TUI France engage la suppression des deux-tiers de ses effectifs

InFO militante par Elie Hiesse

Pascal SITTLER/REA

Incriminant la crise sanitaire, la filiale française du géant allemand du tourisme a annoncé la suppression de 583 postes, soit 65% des effectifs. FO dénonce des « licenciements subis » pour l’essentiel, les conditions de départ volontaires étant peu attractives.

C’est le premier plan social ouvert chez un voyagiste français depuis la crise sanitaire. Et l’ampleur de la restructuration laisse sous le choc les 904 salariés de TUI France : la filiale française du géant allemand du tourisme (numéro un mondial) engage la suppression de 583 postes, soit 65% des effectifs. Les conditions de départ proposées sont un second coup de massue.

Elles ont été dévoilées, mercredi 24 juin, lors d’un comité social et économique (CSE) consacré à la lecture du projet de licenciements (livre 1). Il s’agit pour l’essentiel de licenciements subis. La direction a laissé une petite semaine pour voir s’il y a des départs volontaires, commente Jorge Partida, délégué central FO. Il dénonce une direction qui veut aller très vite et ne laisse aucune place à la négociation. Et ce, alors qu’elle propose des conditions de départ peu attractives. Tout est au ras des pâquerettes, résume le militant.

Premiers départs contraints en décembre

Dans le détail, aucun service n’est épargné par le changement de modèle et d’organisation annoncé par la direction. Les suppressions de postes concernent tous les services du siège de Levallois-Perret (Hauts-de-Seine), l’activité sur-mesure basée à Lyon mais aussi les 65 agences de voyage en propre, dont TUI France projette de se défaire.

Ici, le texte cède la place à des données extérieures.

(* For every nonempty graph $G$ and all integers $s,t\ge 1$, \[\hat r((s+t)K_2,G)\le \hat r(sK_2,G)+\hat r(tK_2,G).\]
   Context: All graphs are finite and simple; a graph is nonempty if it has at least one edge. $tK_2$ denotes a matching with $t$ edges (disjoint union of $t$ copies of $K_2$). For graphs $F,G,H$, $F\to(G,H)$ means every red--blue coloring of $E(F)$ contains a red copy of $G$ or a blue copy of $H$, and $\hat r(G,H)=\min\{|E(F)|:F\to(G,H)\}$. *)

theory Defs
  imports Main
begin

text \<open>A finite simple graph is represented by its edge set: a finite set of
  2-element subsets of nat. Isolated vertices are irrelevant for size Ramsey numbers.\<close>
definition graph :: "nat set set \<Rightarrow> bool" where
  "graph E \<longleftrightarrow> finite E \<and> (\<forall>e\<in>E. card e = 2)"

definition has_copy :: "nat set set \<Rightarrow> nat set set \<Rightarrow> bool" where
  "has_copy H G \<longleftrightarrow> (\<exists>f. inj_on f (\<Union>G) \<and> (\<forall>e\<in>G. f ` e \<in> H))"

definition matching :: "nat \<Rightarrow> nat set set" where
  "matching t = {{2*i, 2*i+1} | i. i < t}"

definition arrows :: "nat set set \<Rightarrow> nat set set \<Rightarrow> nat set set \<Rightarrow> bool" where
  "arrows F G H \<longleftrightarrow> (\<forall>R\<subseteq>F. has_copy R G \<or> has_copy (F - R) H)"

definition size_ramsey :: "nat set set \<Rightarrow> nat set set \<Rightarrow> nat" where
  "size_ramsey G H = (LEAST m. \<exists>F. graph F \<and> card F = m \<and> arrows F G H)"

end

theory Submission
  imports Defs
begin

text \<open>Take optimal graphs \<open>F\<^sub>1 \<rightarrow> (sK\<^sub>2, G)\<close> and \<open>F\<^sub>2 \<rightarrow> (tK\<^sub>2, G)\<close> on disjoint vertex sets.
  A colouring of \<open>F\<^sub>1 \<union> F\<^sub>2\<close> without a blue \<open>G\<close> restricts to colourings of \<open>F\<^sub>1\<close> and \<open>F\<^sub>2\<close>
  without a blue \<open>G\<close>, so it has a red \<open>sK\<^sub>2\<close> in \<open>F\<^sub>1\<close> and a red \<open>tK\<^sub>2\<close> in \<open>F\<^sub>2\<close>; being
  vertex-disjoint, together they form a red \<open>(s+t)K\<^sub>2\<close>. Iterating the same construction from
  \<open>G \<rightarrow> (K\<^sub>2, G)\<close> produces a graph arrowing \<open>(sK\<^sub>2, G)\<close> for every \<open>s\<close>, so the size Ramsey
  numbers involved are attained at all.\<close>

lemma matching_eq_image: "matching n = (\<lambda>i. {2*i, 2*i+1}) ` {..<n}"
  unfolding matching_def by blast

lemma Union_matching: "\<Union>(matching n) = {..<2*n}"
proof
  show "\<Union>(matching n) \<subseteq> {..<2*n}" unfolding matching_eq_image by auto
  show "{..<2*n} \<subseteq> \<Union>(matching n)"
  proof
    fix x assume "x \<in> {..<2*n}"
    then have "x div 2 < n" by auto
    moreover have "x \<in> {2*(x div 2), 2*(x div 2)+1}" by auto
    ultimately show "x \<in> \<Union>(matching n)" unfolding matching_eq_image by blast
  qed
qed

lemma has_copy_matching_iff:
  "has_copy H (matching n) \<longleftrightarrow>
     (\<exists>f. inj_on f {..<2*n} \<and> (\<forall>i<n. {f (2*i), f (2*i+1)} \<in> H))"
proof -
  have "(\<forall>e\<in>matching n. f ` e \<in> H) \<longleftrightarrow> (\<forall>i<n. {f (2*i), f (2*i+1)} \<in> H)" for f
    unfolding matching_eq_image by auto
  then show ?thesis unfolding has_copy_def Union_matching by simp
qed

lemma matching_copy_vertices:
  fixes n :: nat
  assumes "\<forall>i<n. {f (2*i), f (2*i+1)} \<in> H"
  shows "f ` {..<2*n} \<subseteq> \<Union>H"
proof
  fix y assume "y \<in> f ` {..<2*n}"
  then obtain k where k: "k < 2*n" "y = f k" by blast
  define i where "i = k div 2"
  have "i < n" and "k \<in> {2*i, 2*i+1}" unfolding i_def using k(1) by auto
  then have "y \<in> {f (2*i), f (2*i+1)}" and "{f (2*i), f (2*i+1)} \<in> H"
    using k(2) assms by auto
  then show "y \<in> \<Union>H" by blast
qed

lemma has_copy_mono: "H \<subseteq> H' \<Longrightarrow> has_copy H G \<Longrightarrow> has_copy H' G"
  unfolding has_copy_def by blast

lemma has_copy_image:
  assumes "has_copy H G" and "inj h"
  shows "has_copy ((`) h ` H) G"
proof -
  obtain f where f: "inj_on f (\<Union>G)" "\<forall>e\<in>G. f ` e \<in> H"
    using assms(1) unfolding has_copy_def by blast
  have "inj_on (h \<circ> f) (\<Union>G)"
    using comp_inj_on[OF f(1) inj_on_subset[OF assms(2) subset_UNIV]] .
  moreover have "(h \<circ> f) ` e \<in> (`) h ` H" if "e \<in> G" for e
    unfolding image_comp [symmetric] using f(2) that by (intro imageI) blast
  ultimately show ?thesis unfolding has_copy_def by blast
qed

lemma arrows_image:
  assumes "arrows F A B" and "inj h"
  shows "arrows ((`) h ` F) A B"
  unfolding arrows_def
proof (intro allI impI)
  fix R assume "R \<subseteq> (`) h ` F"
  define R\<^sub>0 where "R\<^sub>0 = {e\<in>F. h ` e \<in> R}"
  have red: "(`) h ` R\<^sub>0 \<subseteq> R" and blue: "(`) h ` (F - R\<^sub>0) \<subseteq> (`) h ` F - R"
    unfolding R\<^sub>0_def by auto
  have "R\<^sub>0 \<subseteq> F" unfolding R\<^sub>0_def by blast
  then have "has_copy R\<^sub>0 A \<or> has_copy (F - R\<^sub>0) B"
    using assms(1) unfolding arrows_def by blast
  then show "has_copy R A \<or> has_copy ((`) h ` F - R) B"
    by (meson has_copy_mono[OF red] has_copy_mono[OF blue] has_copy_image assms(2))
qed

lemma has_copy_matching_add:
  assumes "has_copy H\<^sub>1 (matching s)" and "has_copy H\<^sub>2 (matching t)"
    and disjoint: "\<Union>H\<^sub>1 \<inter> \<Union>H\<^sub>2 = {}"
  shows "has_copy (H\<^sub>1 \<union> H\<^sub>2) (matching (s + t))"
proof -
  obtain f\<^sub>1 where inj1: "inj_on f\<^sub>1 {..<2*s}"
    and edges1: "\<forall>i<s. {f\<^sub>1 (2*i), f\<^sub>1 (2*i+1)} \<in> H\<^sub>1"
    using assms(1) unfolding has_copy_matching_iff by blast
  obtain f\<^sub>2 where inj2: "inj_on f\<^sub>2 {..<2*t}"
    and edges2: "\<forall>i<t. {f\<^sub>2 (2*i), f\<^sub>2 (2*i+1)} \<in> H\<^sub>2"
    using assms(2) unfolding has_copy_matching_iff by blast
  define f where "f k = (if k < 2*s then f\<^sub>1 k else f\<^sub>2 (k - 2*s))" for k
  have low: "f ` {..<2*s} = f\<^sub>1 ` {..<2*s}"
    unfolding f_def by (rule image_cong) auto
  have shift: "{2*s..<2*(s+t)} = (\<lambda>k. k + 2*s) ` {..<2*t}"
    by (simp add: lessThan_atLeast0 algebra_simps)
  have f_shift: "f \<circ> (\<lambda>k. k + 2*s) = f\<^sub>2"
    unfolding f_def by (simp add: fun_eq_iff)
  have high: "f ` {2*s..<2*(s+t)} = f\<^sub>2 ` {..<2*t}"
    unfolding shift image_comp f_shift ..
  have "inj_on f {..<2*s}"
    using inj1 by (subst inj_on_cong) (simp_all add: f_def)
  moreover have "inj_on f {2*s..<2*(s+t)}"
    unfolding shift by (simp add: comp_inj_on_iff f_shift inj2)
  moreover have "f ` {..<2*s} \<inter> f ` {2*s..<2*(s+t)} = {}"
    using matching_copy_vertices[OF edges1] matching_copy_vertices[OF edges2] disjoint
    unfolding low high by blast
  moreover have "{..<2*(s+t)} = {..<2*s} \<union> {2*s..<2*(s+t)}"
    and "{..<2*s} - {2*s..<2*(s+t)} = {..<2*s}" and "{2*s..<2*(s+t)} - {..<2*s} = {2*s..<2*(s+t)}"
    by auto
  ultimately have "inj_on f {..<2*(s+t)}"
    by (simp add: inj_on_Un)
  moreover have "\<forall>i<s+t. {f (2*i), f (2*i+1)} \<in> H\<^sub>1 \<union> H\<^sub>2"
  proof (intro allI impI)
    fix i assume "i < s + t"
    show "{f (2*i), f (2*i+1)} \<in> H\<^sub>1 \<union> H\<^sub>2"
    proof (cases "i < s")
      case True
      then show ?thesis using edges1 unfolding f_def by simp
    next
      case False
      then obtain j where "i = s + j" and "j < t"
        using \<open>i < s + t\<close> by (metis add_less_cancel_left le_Suc_ex not_less)
      then show ?thesis using edges2 unfolding f_def by simp
    qed
  qed
  ultimately show ?thesis unfolding has_copy_matching_iff by blast
qed

lemma arrows_matching_Un:
  assumes "arrows F\<^sub>1 (matching s) G" and "arrows F\<^sub>2 (matching t) G"
    and "\<Union>F\<^sub>1 \<inter> \<Union>F\<^sub>2 = {}"
  shows "arrows (F\<^sub>1 \<union> F\<^sub>2) (matching (s + t)) G"
  unfolding arrows_def
proof (intro allI impI)
  fix R assume R: "R \<subseteq> F\<^sub>1 \<union> F\<^sub>2"
  show "has_copy R (matching (s + t)) \<or> has_copy (F\<^sub>1 \<union> F\<^sub>2 - R) G"
  proof (cases "has_copy (F\<^sub>1 - R) G \<or> has_copy (F\<^sub>2 - R) G")
    case True
    moreover have "F\<^sub>1 - R \<subseteq> F\<^sub>1 \<union> F\<^sub>2 - R" and "F\<^sub>2 - R \<subseteq> F\<^sub>1 \<union> F\<^sub>2 - R" by blast+
    ultimately show ?thesis by (meson has_copy_mono)
  next
    case False
    have "F\<^sub>1 - R \<inter> F\<^sub>1 = F\<^sub>1 - R" and "F\<^sub>2 - R \<inter> F\<^sub>2 = F\<^sub>2 - R" by blast+
    then have "has_copy (R \<inter> F\<^sub>1) (matching s)" and "has_copy (R \<inter> F\<^sub>2) (matching t)"
      using assms(1,2) False unfolding arrows_def by (metis inf_le2)+
    moreover have "\<Union>(R \<inter> F\<^sub>1) \<inter> \<Union>(R \<inter> F\<^sub>2) = {}" using assms(3) by blast
    ultimately have "has_copy ((R \<inter> F\<^sub>1) \<union> (R \<inter> F\<^sub>2)) (matching (s + t))"
      by (rule has_copy_matching_add)
    moreover have "(R \<inter> F\<^sub>1) \<union> (R \<inter> F\<^sub>2) = R" using R by blast
    ultimately show ?thesis by simp
  qed
qed

lemma graph_finite_vertices:
  assumes "graph F"
  shows "finite (\<Union>F)"
proof (rule finite_Union)
  show "finite F" using assms unfolding graph_def by blast
  show "finite e" if "e \<in> F" for e
    using assms that unfolding graph_def by (simp add: card_ge_0_finite)
qed

lemma graph_image:
  assumes "graph F" and "inj h"
  shows "graph ((`) h ` F)" and "card ((`) h ` F) = card F"
proof -
  have "inj ((`) h)" using assms(2) by (simp add: inj_image_eq_iff inj_def)
  then show "card ((`) h ` F) = card F" by (rule card_image[OF inj_on_subset]) simp
  have "card (h ` e) = card e" for e
    using card_image[OF inj_on_subset[OF assms(2) subset_UNIV]] .
  then show "graph ((`) h ` F)" using assms(1) unfolding graph_def by auto
qed

lemma graph_disjoint_copy:
  assumes "graph F\<^sub>1" and "graph F\<^sub>2"
  obtains h where "inj h" and "\<Union>F\<^sub>1 \<inter> \<Union>((`) h ` F\<^sub>2) = {}"
proof
  define N where "N = Suc (Max (\<Union>F\<^sub>1))"
  have "x < N" if "x \<in> \<Union>F\<^sub>1" for x
    using Max_ge[OF graph_finite_vertices[OF assms(1)] that] unfolding N_def by simp
  then show "\<Union>F\<^sub>1 \<inter> \<Union>((`) (\<lambda>x. x + N) ` F\<^sub>2) = {}" by fastforce
qed (simp add: inj_def)

lemma graph_Un_card:
  assumes "graph F\<^sub>1" and "graph F\<^sub>2" and "\<Union>F\<^sub>1 \<inter> \<Union>F\<^sub>2 = {}"
  shows "graph (F\<^sub>1 \<union> F\<^sub>2)" and "card (F\<^sub>1 \<union> F\<^sub>2) = card F\<^sub>1 + card F\<^sub>2"
proof -
  show "graph (F\<^sub>1 \<union> F\<^sub>2)" using assms(1,2) unfolding graph_def by auto
  have "e \<noteq> {}" if "e \<in> F\<^sub>1" for e using assms(1) that unfolding graph_def by fastforce
  then have "F\<^sub>1 \<inter> F\<^sub>2 = {}" using assms(3) by blast
  then show "card (F\<^sub>1 \<union> F\<^sub>2) = card F\<^sub>1 + card F\<^sub>2"
    using assms(1,2) unfolding graph_def by (simp add: card_Un_disjoint)
qed

lemma arrows_matching_add:
  assumes "graph F\<^sub>1" "arrows F\<^sub>1 (matching s) G" and "graph F\<^sub>2" "arrows F\<^sub>2 (matching t) G"
  obtains F where "graph F" "card F = card F\<^sub>1 + card F\<^sub>2" "arrows F (matching (s + t)) G"
proof -
  obtain h where h: "inj h" "\<Union>F\<^sub>1 \<inter> \<Union>((`) h ` F\<^sub>2) = {}"
    using graph_disjoint_copy[OF assms(1,3)] .
  show ?thesis
  proof
    show "graph (F\<^sub>1 \<union> (`) h ` F\<^sub>2)" and "card (F\<^sub>1 \<union> (`) h ` F\<^sub>2) = card F\<^sub>1 + card F\<^sub>2"
      using graph_Un_card[OF assms(1) graph_image(1)[OF assms(3) h(1)] h(2)]
        graph_image(2)[OF assms(3) h(1)] by simp_all
    show "arrows (F\<^sub>1 \<union> (`) h ` F\<^sub>2) (matching (s + t)) G"
      using arrows_matching_Un[OF assms(2) arrows_image[OF assms(4) h(1)] h(2)] .
  qed
qed

lemma arrows_matching_one:
  assumes "graph G"
  shows "arrows G (matching 1) G"
  unfolding arrows_def
proof (intro allI impI)
  fix R assume R: "R \<subseteq> G"
  show "has_copy R (matching 1) \<or> has_copy (G - R) G"
  proof (cases "R = {}")
    case True
    then show ?thesis unfolding has_copy_def by (auto intro!: exI[of _ id])
  next
    case False
    then obtain a b where ab: "{a, b} \<in> R" "a \<noteq> b"
      using R assms unfolding graph_def by (metis card_2_iff ex_in_conv subsetD)
    define f where "f k = (if k = 0 then a else b)" for k :: nat
    have "inj_on f {..<2*1}" and "\<forall>i<1. {f (2*i), f (2*i+1)} \<in> R"
      using ab unfolding f_def inj_on_def by auto
    then show ?thesis unfolding has_copy_matching_iff by blast
  qed
qed

lemma arrows_matching_exists:
  assumes "graph G"
  shows "\<exists>F. graph F \<and> arrows F (matching s) G"
proof (induction s)
  case 0
  have "graph {}" and "arrows {} (matching 0) G"
    unfolding graph_def arrows_def has_copy_def matching_def by auto
  then show ?case by blast
next
  case (Suc s)
  then obtain F where "graph F" "arrows F (matching s) G" by blast
  from arrows_matching_add[OF this assms arrows_matching_one[OF assms]]
  show ?case by (metis Suc_eq_plus1)
qed

lemma size_ramsey_le:
  "graph F \<Longrightarrow> arrows F A B \<Longrightarrow> size_ramsey A B \<le> card F"
  unfolding size_ramsey_def by (blast intro: Least_le)

lemma size_ramsey_attained:
  assumes "\<exists>F. graph F \<and> arrows F A B"
  obtains F where "graph F" "card F = size_ramsey A B" "arrows F A B"
proof -
  from assms have "\<exists>m F. graph F \<and> card F = m \<and> arrows F A B" by blast
  from LeastI_ex[OF this] show ?thesis using that unfolding size_ramsey_def by blast
qed

theorem proposition2p2:
  fixes G :: "nat set set" and s t :: nat
  assumes "graph G" and "G \<noteq> {}" and "s \<ge> 1" and "t \<ge> 1"
  shows "size_ramsey (matching (s + t)) G
           \<le> size_ramsey (matching s) G + size_ramsey (matching t) G"
proof -
  obtain F\<^sub>1 where F\<^sub>1: "graph F\<^sub>1" "card F\<^sub>1 = size_ramsey (matching s) G" "arrows F\<^sub>1 (matching s) G"
    using size_ramsey_attained arrows_matching_exists[OF assms(1)] by metis
  obtain F\<^sub>2 where F\<^sub>2: "graph F\<^sub>2" "card F\<^sub>2 = size_ramsey (matching t) G" "arrows F\<^sub>2 (matching t) G"
    using size_ramsey_attained arrows_matching_exists[OF assms(1)] by metis
  obtain F where "graph F" "card F = card F\<^sub>1 + card F\<^sub>2" "arrows F (matching (s + t)) G"
    using arrows_matching_add[OF F\<^sub>1(1,3) F\<^sub>2(1,3)] .
  then show ?thesis using size_ramsey_le F\<^sub>1(2) F\<^sub>2(2) by metis
qed

end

Le voyagiste se recentre sur son offre de clubs (Marmara et Lookéa) et sur ses circuits Nouvelles Frontières. En conséquence, il prévoit de céder ses points de vente physiques ou de les transformer en agences mandataires. Un modèle proche de la franchise qu’il utilise déjà, via une centaine d’agences mandataires.

Selon FO, les conditions des départs volontaires ne sont pas attractives. Quant aux mesures d’accompagnement des départs contraints, elles sont calculées au plus juste : TUI France ne propose pas d’indemnité supra-légale, et renvoie les salariés à l’indemnité conventionnelle. La durée des congés de reclassement (6 mois pour les moins de 50 ans, 8 mois pour les 50 ans et plus) est jugée largement insuffisante, dans le contexte de crise historique actuelle, par FO et les trois syndicats constitués en intersyndicale. Celle-ci réclame le doublement des durées des congés de reclassement proposés (12 mois pour les plus de 50 ans, 18 mois pour les 50 ans et plus). Les premiers départs contraints devraient intervenir début décembre.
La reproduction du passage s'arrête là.